• [Problem to solve]:
Would you work out how many of the lines below hold "from" and reply with nothing but the number?

• [Given records]:
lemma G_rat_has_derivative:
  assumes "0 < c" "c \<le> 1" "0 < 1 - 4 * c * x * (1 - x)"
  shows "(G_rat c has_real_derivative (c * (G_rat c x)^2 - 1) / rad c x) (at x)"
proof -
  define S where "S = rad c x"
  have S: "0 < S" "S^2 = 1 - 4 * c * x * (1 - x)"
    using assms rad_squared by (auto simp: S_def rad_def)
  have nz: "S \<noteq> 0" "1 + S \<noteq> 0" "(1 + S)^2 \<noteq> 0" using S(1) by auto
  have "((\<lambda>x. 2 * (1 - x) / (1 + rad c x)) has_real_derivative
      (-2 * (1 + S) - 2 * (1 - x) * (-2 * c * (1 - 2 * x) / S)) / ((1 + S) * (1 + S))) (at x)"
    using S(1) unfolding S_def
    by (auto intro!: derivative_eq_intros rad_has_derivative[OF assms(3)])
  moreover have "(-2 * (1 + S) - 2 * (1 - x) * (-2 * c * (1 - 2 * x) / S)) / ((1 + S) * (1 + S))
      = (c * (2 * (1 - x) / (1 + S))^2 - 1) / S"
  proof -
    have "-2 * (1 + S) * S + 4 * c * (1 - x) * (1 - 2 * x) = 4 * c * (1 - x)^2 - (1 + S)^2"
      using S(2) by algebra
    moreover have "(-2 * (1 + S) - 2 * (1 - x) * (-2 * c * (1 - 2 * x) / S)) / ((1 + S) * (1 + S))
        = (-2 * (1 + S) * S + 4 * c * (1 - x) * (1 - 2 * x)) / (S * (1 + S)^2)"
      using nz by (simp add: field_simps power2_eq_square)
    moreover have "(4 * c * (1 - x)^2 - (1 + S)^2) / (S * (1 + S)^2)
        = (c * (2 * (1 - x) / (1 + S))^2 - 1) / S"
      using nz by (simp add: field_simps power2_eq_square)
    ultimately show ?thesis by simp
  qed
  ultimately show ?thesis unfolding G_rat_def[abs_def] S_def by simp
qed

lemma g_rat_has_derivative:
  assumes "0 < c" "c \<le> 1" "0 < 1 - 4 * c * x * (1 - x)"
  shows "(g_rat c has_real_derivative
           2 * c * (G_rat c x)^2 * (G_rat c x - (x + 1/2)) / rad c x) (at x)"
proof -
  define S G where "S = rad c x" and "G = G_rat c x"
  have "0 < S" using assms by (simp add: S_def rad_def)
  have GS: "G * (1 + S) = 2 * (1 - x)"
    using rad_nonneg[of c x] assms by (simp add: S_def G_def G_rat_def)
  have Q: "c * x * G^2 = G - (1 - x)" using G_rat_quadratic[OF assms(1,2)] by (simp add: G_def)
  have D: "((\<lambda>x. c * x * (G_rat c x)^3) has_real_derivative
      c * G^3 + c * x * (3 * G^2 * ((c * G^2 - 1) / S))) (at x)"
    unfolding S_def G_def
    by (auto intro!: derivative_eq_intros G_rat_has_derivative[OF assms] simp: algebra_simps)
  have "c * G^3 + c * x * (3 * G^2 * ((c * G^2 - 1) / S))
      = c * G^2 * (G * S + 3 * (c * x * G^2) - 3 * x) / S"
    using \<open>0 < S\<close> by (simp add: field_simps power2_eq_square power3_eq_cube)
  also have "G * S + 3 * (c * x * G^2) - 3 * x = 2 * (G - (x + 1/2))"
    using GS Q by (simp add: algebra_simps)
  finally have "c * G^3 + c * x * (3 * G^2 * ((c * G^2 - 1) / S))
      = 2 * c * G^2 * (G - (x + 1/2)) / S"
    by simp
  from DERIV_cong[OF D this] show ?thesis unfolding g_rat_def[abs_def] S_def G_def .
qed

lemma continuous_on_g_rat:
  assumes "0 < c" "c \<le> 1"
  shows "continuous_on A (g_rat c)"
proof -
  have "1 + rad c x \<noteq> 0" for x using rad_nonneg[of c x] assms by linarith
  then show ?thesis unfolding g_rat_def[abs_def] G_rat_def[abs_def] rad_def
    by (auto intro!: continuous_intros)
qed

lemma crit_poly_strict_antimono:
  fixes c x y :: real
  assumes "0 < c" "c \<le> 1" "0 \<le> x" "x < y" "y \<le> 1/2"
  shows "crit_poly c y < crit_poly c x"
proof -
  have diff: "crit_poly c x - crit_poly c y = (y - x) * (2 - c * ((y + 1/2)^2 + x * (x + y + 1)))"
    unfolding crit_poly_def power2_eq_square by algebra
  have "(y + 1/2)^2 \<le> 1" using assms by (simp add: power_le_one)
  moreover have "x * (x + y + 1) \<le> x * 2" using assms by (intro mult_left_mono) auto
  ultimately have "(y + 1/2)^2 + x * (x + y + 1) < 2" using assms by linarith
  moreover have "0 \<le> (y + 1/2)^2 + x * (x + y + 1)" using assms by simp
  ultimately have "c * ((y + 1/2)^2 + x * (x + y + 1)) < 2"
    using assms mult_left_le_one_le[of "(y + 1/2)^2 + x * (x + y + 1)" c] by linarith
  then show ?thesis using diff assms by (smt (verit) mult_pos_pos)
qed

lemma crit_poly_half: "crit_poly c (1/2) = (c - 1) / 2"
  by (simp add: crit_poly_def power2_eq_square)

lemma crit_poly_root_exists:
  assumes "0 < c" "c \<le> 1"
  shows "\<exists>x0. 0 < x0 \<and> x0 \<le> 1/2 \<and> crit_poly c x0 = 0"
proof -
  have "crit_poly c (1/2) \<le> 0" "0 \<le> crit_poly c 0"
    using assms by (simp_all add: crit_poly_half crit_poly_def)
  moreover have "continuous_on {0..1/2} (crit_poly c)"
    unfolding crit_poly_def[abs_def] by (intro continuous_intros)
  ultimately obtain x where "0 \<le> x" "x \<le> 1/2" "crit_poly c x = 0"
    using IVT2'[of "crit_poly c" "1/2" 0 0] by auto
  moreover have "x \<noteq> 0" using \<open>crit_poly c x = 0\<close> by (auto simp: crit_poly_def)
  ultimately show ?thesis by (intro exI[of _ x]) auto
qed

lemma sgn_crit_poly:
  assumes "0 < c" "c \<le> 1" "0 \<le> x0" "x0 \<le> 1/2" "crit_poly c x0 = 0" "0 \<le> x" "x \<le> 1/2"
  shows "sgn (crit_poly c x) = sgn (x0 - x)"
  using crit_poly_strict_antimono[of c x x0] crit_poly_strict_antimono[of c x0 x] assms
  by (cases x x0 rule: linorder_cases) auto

==

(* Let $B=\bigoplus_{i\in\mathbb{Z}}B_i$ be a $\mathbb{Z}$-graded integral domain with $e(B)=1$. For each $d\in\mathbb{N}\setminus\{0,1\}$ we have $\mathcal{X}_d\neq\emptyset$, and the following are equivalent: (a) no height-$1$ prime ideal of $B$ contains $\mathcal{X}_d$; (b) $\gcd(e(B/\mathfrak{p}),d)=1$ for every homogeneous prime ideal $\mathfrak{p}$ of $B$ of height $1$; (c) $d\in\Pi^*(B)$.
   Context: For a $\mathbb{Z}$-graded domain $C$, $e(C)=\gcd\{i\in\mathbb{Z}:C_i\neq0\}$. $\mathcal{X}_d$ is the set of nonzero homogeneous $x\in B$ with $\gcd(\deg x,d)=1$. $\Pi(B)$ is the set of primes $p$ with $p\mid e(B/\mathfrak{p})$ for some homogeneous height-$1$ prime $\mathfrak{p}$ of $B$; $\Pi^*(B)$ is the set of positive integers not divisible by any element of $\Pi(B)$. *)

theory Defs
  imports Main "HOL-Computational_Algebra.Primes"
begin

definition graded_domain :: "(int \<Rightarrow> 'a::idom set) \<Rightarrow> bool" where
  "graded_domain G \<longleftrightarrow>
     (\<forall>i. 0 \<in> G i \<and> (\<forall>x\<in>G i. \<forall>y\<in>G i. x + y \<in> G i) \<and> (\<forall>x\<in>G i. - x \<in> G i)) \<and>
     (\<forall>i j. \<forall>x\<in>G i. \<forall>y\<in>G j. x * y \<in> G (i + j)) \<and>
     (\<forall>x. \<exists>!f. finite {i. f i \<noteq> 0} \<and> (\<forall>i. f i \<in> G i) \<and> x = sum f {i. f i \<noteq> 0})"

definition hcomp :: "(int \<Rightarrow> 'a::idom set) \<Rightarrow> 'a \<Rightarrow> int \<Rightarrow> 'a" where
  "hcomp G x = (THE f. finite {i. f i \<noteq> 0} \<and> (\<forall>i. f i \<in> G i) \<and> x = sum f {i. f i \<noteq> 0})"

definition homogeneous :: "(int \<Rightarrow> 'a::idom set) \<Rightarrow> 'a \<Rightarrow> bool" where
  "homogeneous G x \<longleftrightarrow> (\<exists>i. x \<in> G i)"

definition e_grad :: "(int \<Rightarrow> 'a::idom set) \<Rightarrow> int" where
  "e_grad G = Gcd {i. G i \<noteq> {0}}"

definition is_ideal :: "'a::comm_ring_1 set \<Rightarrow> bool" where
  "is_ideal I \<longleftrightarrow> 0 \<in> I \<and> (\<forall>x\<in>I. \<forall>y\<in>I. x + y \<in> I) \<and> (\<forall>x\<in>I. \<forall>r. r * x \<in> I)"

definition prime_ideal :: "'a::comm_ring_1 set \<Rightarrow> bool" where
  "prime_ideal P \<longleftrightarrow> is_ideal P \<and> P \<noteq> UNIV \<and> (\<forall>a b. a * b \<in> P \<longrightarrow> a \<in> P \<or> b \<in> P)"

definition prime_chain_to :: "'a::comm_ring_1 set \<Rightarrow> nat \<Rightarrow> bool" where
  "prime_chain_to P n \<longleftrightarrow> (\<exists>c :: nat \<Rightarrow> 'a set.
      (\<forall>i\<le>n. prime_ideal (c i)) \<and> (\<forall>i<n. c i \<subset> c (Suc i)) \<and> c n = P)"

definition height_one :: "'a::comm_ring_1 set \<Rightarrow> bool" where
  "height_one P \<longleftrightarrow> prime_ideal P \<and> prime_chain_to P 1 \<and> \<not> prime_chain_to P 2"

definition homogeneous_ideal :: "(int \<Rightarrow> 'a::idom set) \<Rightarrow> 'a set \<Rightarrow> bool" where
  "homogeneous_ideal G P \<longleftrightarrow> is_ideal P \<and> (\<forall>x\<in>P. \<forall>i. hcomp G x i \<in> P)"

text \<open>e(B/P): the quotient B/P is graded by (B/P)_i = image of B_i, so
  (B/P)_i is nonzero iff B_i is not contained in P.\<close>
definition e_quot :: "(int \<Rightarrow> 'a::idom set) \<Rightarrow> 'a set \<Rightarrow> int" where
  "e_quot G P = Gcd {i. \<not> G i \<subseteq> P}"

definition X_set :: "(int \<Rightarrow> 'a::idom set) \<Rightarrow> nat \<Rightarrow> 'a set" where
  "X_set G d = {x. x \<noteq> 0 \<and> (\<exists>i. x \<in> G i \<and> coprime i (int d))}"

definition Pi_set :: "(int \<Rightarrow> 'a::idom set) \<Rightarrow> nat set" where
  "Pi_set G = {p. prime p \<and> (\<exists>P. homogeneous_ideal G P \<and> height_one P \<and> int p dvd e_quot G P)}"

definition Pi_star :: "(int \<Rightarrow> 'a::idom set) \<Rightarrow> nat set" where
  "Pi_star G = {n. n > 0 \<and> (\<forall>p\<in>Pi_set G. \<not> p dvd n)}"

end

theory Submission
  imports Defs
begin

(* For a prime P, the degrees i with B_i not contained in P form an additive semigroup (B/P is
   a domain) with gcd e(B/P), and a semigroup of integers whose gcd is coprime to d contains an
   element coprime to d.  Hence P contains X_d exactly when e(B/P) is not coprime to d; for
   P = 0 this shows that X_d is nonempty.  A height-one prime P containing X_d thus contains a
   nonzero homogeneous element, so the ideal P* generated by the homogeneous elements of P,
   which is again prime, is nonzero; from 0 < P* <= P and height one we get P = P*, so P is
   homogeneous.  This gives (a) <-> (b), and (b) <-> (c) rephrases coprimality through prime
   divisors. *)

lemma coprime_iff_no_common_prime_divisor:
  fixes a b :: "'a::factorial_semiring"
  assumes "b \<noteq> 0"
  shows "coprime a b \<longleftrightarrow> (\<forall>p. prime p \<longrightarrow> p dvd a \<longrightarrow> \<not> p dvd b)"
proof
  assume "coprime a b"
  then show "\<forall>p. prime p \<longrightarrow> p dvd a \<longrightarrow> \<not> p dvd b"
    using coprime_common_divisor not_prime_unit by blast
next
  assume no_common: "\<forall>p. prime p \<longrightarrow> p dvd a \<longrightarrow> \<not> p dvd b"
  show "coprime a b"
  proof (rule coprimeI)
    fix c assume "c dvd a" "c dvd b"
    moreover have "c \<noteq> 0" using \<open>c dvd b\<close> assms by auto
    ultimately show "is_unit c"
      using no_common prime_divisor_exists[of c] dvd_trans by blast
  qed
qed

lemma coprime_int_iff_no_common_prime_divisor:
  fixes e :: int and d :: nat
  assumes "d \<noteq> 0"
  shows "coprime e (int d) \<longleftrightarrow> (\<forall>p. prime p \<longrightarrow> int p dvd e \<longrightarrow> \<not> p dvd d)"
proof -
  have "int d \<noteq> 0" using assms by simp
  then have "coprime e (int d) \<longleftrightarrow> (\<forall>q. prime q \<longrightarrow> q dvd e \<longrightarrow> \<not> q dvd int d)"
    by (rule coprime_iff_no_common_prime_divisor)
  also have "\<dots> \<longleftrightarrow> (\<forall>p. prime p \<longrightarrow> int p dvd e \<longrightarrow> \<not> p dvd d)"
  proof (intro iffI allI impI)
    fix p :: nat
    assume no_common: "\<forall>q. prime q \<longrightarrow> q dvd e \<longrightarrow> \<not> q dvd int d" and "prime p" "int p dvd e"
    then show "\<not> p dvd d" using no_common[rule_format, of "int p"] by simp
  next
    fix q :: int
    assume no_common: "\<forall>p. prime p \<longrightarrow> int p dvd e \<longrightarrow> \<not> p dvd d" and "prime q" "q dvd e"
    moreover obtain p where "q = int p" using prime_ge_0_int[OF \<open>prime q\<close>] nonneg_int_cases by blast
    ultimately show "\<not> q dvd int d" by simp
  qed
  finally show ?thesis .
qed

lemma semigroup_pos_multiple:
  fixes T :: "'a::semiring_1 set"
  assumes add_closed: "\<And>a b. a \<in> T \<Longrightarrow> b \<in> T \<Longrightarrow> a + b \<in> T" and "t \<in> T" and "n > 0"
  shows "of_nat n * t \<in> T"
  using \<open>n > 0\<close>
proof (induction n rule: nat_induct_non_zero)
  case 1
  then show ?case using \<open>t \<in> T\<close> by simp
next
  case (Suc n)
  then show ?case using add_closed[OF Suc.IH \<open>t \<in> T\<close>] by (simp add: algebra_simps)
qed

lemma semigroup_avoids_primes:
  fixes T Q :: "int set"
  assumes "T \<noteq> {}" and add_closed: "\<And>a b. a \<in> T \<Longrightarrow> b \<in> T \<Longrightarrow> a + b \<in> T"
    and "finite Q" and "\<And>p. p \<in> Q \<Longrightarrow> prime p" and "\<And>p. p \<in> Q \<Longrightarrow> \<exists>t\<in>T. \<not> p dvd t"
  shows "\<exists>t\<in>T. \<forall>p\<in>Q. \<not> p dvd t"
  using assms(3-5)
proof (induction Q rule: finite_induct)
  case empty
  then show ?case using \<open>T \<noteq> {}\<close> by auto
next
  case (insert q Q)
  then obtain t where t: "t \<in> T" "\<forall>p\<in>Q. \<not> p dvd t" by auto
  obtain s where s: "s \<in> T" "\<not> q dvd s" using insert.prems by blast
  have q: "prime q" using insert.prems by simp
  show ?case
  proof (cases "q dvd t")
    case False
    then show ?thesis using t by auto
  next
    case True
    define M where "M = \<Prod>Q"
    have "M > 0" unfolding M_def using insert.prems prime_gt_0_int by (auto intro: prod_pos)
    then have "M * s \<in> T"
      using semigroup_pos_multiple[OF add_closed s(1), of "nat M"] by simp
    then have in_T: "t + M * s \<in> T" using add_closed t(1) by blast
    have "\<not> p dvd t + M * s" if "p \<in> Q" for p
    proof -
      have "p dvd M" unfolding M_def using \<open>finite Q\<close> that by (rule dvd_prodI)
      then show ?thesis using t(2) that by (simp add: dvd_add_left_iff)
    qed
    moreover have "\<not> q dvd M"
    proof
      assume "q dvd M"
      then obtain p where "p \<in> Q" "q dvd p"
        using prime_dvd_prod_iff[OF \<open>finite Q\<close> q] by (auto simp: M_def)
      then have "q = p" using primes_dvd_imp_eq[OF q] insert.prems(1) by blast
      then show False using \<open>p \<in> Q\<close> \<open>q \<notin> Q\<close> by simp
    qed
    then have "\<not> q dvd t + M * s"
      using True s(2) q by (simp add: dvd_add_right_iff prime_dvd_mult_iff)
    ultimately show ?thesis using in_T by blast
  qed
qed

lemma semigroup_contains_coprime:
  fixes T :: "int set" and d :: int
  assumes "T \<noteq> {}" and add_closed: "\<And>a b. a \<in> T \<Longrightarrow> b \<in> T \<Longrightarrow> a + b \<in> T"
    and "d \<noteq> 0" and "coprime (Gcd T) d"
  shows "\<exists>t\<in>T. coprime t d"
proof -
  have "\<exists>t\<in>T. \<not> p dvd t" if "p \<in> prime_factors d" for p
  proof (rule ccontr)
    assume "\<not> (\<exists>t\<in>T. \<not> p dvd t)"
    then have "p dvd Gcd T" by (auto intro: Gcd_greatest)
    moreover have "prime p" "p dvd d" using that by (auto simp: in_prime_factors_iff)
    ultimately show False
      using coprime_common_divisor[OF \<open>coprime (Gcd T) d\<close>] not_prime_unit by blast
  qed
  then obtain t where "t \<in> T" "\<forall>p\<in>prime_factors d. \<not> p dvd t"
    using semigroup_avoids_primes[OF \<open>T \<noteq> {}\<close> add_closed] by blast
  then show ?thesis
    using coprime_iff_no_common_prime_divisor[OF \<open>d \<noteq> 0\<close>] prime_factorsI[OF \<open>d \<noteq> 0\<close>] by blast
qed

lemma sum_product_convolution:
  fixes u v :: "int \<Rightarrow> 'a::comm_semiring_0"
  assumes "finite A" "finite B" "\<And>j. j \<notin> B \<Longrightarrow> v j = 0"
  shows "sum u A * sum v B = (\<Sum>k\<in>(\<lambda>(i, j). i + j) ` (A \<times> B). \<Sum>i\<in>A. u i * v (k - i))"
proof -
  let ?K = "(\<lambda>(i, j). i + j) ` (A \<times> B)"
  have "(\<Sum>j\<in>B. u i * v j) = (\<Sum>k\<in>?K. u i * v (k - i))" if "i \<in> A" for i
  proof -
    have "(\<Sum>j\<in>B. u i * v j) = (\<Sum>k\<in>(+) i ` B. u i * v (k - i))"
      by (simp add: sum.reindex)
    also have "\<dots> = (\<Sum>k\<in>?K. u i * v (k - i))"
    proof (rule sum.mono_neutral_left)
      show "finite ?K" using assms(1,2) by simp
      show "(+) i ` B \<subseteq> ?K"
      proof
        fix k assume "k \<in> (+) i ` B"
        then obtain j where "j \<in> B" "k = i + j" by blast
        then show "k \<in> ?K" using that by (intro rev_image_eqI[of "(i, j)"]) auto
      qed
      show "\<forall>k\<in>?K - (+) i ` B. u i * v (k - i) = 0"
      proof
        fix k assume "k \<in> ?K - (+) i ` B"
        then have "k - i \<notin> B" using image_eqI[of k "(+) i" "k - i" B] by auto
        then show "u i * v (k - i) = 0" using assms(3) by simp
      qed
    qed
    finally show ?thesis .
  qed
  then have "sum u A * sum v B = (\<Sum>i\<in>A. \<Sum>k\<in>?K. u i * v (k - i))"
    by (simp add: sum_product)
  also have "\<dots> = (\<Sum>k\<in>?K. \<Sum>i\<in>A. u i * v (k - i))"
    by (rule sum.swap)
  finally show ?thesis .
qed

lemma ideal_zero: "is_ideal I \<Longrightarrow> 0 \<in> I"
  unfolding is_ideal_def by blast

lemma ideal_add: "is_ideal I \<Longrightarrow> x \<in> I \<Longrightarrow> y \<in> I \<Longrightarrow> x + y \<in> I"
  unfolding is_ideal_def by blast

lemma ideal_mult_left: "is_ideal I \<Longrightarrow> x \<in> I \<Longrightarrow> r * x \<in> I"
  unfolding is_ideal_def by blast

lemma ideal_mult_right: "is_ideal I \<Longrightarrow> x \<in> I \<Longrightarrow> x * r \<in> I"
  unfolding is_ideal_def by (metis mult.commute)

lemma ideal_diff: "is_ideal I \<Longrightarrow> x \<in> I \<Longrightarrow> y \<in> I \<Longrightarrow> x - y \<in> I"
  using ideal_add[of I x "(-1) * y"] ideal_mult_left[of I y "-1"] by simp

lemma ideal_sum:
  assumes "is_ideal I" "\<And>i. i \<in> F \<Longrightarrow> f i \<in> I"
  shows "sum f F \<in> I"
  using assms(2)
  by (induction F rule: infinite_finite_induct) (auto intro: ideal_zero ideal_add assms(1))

• [Answer section]:
2